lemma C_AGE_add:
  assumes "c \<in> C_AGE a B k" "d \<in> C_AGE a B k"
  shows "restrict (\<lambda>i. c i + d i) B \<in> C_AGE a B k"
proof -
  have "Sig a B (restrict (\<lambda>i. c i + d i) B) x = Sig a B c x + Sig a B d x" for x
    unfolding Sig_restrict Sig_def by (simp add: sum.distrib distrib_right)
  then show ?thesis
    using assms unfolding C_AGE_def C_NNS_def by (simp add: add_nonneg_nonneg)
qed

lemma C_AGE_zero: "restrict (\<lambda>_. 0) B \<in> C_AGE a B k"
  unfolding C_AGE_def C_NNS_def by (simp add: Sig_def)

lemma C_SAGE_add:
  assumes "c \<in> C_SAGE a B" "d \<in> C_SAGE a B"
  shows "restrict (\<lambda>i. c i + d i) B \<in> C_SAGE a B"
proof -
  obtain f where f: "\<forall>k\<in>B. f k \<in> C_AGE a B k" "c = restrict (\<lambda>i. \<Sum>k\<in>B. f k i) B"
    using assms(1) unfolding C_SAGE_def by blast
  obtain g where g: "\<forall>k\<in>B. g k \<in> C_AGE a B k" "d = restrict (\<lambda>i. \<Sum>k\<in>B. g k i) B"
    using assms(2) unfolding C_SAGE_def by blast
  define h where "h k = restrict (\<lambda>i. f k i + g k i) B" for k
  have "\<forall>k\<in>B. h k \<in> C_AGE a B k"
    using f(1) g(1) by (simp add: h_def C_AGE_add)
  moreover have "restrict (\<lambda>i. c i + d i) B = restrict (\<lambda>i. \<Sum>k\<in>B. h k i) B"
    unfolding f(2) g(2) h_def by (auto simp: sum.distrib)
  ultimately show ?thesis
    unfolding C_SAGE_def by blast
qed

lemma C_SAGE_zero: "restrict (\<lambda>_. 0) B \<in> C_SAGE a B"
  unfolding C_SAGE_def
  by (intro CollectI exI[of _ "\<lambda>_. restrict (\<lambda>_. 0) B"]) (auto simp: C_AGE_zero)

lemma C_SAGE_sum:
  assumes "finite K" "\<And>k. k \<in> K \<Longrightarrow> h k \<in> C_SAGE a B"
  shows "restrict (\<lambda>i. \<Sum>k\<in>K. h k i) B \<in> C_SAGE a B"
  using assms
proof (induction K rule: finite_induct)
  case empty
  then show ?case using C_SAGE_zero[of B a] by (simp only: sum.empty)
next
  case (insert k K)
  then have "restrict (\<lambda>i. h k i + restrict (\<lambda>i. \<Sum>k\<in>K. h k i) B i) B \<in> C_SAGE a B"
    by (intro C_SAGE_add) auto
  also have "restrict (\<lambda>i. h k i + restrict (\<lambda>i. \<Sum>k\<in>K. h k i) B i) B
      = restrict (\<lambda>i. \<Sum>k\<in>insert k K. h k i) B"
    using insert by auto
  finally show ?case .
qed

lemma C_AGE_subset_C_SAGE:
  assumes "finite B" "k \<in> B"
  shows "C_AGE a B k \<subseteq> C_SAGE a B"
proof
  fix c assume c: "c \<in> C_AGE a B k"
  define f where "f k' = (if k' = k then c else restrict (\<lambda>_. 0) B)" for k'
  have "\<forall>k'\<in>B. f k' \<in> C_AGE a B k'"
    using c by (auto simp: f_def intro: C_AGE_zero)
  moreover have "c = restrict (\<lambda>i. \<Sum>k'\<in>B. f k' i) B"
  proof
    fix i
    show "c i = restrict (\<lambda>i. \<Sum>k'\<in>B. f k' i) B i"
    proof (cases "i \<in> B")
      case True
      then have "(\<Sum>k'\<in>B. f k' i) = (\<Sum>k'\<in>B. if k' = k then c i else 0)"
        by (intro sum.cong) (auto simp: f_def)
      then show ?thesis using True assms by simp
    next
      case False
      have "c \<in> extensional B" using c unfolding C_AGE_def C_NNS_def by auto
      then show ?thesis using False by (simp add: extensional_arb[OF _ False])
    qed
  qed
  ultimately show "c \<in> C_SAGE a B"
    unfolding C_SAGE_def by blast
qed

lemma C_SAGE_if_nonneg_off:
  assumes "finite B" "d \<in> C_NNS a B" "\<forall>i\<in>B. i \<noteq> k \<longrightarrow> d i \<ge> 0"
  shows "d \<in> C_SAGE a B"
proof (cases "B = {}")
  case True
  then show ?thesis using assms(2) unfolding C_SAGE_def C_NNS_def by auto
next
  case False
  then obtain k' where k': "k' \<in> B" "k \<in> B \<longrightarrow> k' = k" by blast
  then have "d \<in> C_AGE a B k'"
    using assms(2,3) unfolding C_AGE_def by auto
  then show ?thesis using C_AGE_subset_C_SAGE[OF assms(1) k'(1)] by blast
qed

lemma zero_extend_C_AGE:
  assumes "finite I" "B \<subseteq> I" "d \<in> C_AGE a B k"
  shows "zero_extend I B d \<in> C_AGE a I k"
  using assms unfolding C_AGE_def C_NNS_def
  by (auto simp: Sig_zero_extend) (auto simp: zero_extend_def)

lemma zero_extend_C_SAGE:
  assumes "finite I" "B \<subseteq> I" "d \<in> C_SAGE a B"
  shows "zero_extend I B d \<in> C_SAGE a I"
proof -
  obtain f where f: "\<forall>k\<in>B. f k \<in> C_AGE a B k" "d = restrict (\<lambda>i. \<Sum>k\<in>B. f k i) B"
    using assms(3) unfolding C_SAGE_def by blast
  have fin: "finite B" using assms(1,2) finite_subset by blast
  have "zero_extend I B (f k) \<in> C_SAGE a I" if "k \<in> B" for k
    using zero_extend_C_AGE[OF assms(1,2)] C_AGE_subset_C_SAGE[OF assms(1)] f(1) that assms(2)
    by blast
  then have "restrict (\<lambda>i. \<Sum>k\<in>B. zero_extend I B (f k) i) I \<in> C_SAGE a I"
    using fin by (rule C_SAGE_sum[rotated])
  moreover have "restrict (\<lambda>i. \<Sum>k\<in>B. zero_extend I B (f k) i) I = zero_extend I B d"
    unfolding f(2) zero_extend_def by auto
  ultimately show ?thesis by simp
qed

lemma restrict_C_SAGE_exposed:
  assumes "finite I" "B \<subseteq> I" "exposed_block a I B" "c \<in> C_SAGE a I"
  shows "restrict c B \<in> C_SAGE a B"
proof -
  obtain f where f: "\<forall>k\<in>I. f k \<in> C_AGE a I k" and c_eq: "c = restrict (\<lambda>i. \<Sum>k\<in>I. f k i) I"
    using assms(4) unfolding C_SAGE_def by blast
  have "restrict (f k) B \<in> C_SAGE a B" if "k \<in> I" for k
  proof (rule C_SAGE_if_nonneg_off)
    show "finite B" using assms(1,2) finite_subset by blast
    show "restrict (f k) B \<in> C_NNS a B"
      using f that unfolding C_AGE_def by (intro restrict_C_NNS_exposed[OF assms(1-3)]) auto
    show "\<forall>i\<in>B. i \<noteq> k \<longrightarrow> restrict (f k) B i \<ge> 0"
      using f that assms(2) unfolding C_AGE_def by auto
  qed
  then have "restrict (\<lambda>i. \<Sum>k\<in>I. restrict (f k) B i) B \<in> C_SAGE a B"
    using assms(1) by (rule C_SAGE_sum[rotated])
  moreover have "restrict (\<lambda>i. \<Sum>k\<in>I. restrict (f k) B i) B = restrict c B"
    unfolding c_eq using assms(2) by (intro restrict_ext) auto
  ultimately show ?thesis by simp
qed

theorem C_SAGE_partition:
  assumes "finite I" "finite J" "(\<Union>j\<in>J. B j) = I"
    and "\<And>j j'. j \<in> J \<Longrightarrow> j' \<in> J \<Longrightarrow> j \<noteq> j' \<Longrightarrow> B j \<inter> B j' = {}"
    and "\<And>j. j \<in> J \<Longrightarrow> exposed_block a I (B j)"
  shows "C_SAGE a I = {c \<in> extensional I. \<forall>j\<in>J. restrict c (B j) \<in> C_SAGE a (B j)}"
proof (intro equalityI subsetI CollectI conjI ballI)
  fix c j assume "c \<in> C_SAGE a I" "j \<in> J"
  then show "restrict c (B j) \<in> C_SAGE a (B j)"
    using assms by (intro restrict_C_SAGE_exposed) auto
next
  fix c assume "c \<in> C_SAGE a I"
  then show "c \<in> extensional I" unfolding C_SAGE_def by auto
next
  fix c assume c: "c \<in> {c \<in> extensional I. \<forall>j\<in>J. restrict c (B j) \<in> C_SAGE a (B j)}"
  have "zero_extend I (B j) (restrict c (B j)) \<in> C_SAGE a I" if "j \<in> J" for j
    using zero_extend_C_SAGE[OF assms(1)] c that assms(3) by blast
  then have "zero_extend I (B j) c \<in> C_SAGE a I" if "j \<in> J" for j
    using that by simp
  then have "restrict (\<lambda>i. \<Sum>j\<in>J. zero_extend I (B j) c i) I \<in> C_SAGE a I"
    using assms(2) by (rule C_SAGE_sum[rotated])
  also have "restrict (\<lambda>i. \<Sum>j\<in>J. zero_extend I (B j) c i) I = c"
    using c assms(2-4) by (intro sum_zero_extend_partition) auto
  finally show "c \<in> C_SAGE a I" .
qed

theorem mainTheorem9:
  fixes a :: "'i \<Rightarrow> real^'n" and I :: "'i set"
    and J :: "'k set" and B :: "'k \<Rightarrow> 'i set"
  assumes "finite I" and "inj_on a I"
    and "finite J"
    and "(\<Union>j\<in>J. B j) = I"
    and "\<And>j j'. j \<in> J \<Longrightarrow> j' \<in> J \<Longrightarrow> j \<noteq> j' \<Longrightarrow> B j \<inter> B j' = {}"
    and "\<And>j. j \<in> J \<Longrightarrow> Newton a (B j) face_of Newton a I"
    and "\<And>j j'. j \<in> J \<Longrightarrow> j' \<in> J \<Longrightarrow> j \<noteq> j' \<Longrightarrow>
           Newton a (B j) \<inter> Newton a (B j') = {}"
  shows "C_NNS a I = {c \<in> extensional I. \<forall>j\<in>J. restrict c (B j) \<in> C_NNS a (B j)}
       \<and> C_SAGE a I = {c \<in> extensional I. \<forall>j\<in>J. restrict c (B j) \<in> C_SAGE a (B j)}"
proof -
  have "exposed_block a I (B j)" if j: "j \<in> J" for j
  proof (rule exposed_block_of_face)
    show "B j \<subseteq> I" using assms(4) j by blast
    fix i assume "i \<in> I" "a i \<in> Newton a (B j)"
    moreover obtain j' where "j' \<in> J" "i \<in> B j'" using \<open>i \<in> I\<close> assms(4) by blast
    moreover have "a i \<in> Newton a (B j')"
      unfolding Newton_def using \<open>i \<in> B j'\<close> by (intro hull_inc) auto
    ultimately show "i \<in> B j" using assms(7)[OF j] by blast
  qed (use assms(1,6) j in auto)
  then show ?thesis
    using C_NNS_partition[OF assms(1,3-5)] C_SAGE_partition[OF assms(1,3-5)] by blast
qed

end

==

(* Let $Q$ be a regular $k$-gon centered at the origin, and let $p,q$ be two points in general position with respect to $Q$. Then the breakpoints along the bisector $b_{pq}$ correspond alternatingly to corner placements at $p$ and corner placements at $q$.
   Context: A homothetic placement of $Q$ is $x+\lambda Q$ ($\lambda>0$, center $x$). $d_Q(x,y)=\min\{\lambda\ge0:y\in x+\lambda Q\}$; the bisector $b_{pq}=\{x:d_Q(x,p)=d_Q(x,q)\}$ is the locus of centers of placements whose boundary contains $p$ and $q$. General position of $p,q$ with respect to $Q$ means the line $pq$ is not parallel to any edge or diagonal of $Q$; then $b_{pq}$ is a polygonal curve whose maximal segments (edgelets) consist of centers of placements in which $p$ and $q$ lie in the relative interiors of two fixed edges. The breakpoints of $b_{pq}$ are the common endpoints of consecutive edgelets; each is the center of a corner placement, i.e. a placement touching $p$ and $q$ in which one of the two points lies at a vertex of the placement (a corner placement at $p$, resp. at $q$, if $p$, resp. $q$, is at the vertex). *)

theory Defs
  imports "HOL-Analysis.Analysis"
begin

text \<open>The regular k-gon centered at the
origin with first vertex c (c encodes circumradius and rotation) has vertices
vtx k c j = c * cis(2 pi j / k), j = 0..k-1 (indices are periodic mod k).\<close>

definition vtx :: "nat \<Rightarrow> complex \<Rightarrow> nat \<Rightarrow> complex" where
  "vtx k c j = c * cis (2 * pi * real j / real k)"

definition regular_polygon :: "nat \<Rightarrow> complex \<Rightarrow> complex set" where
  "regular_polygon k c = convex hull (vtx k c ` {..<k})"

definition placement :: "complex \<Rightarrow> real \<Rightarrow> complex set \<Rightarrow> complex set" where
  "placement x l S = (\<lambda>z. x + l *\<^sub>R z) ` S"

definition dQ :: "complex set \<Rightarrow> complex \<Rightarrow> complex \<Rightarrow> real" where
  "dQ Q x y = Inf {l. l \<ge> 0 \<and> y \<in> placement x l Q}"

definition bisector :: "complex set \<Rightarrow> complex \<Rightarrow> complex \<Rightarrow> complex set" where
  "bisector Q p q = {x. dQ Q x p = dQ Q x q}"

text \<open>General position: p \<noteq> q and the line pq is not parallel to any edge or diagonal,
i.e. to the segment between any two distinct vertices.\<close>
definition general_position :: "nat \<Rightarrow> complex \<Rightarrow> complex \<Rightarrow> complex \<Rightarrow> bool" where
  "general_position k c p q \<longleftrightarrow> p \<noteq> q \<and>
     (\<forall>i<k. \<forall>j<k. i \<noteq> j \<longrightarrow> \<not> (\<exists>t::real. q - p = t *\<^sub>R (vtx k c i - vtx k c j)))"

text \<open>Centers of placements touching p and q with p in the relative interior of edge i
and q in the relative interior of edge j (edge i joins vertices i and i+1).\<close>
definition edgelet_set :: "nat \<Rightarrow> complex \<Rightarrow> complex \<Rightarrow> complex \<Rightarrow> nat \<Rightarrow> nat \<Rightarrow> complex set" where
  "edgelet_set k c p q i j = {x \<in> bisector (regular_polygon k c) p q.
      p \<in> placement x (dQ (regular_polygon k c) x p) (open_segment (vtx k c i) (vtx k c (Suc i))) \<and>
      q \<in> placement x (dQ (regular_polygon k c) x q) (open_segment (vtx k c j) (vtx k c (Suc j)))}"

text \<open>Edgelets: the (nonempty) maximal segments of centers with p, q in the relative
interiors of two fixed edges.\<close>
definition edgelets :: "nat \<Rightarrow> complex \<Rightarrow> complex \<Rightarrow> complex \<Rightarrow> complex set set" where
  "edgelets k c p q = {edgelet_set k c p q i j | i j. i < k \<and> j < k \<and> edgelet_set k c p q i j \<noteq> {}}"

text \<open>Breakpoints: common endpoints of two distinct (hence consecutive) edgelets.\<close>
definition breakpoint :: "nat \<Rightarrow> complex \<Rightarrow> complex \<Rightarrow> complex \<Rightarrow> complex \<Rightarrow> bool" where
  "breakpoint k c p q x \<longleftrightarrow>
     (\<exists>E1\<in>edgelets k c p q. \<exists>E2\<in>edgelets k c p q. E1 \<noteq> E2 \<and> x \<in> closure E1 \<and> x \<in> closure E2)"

• [Exercise]: Please report the number of lines in the data that include the word "real", and add no other text.

• [Solution to this problem]: 5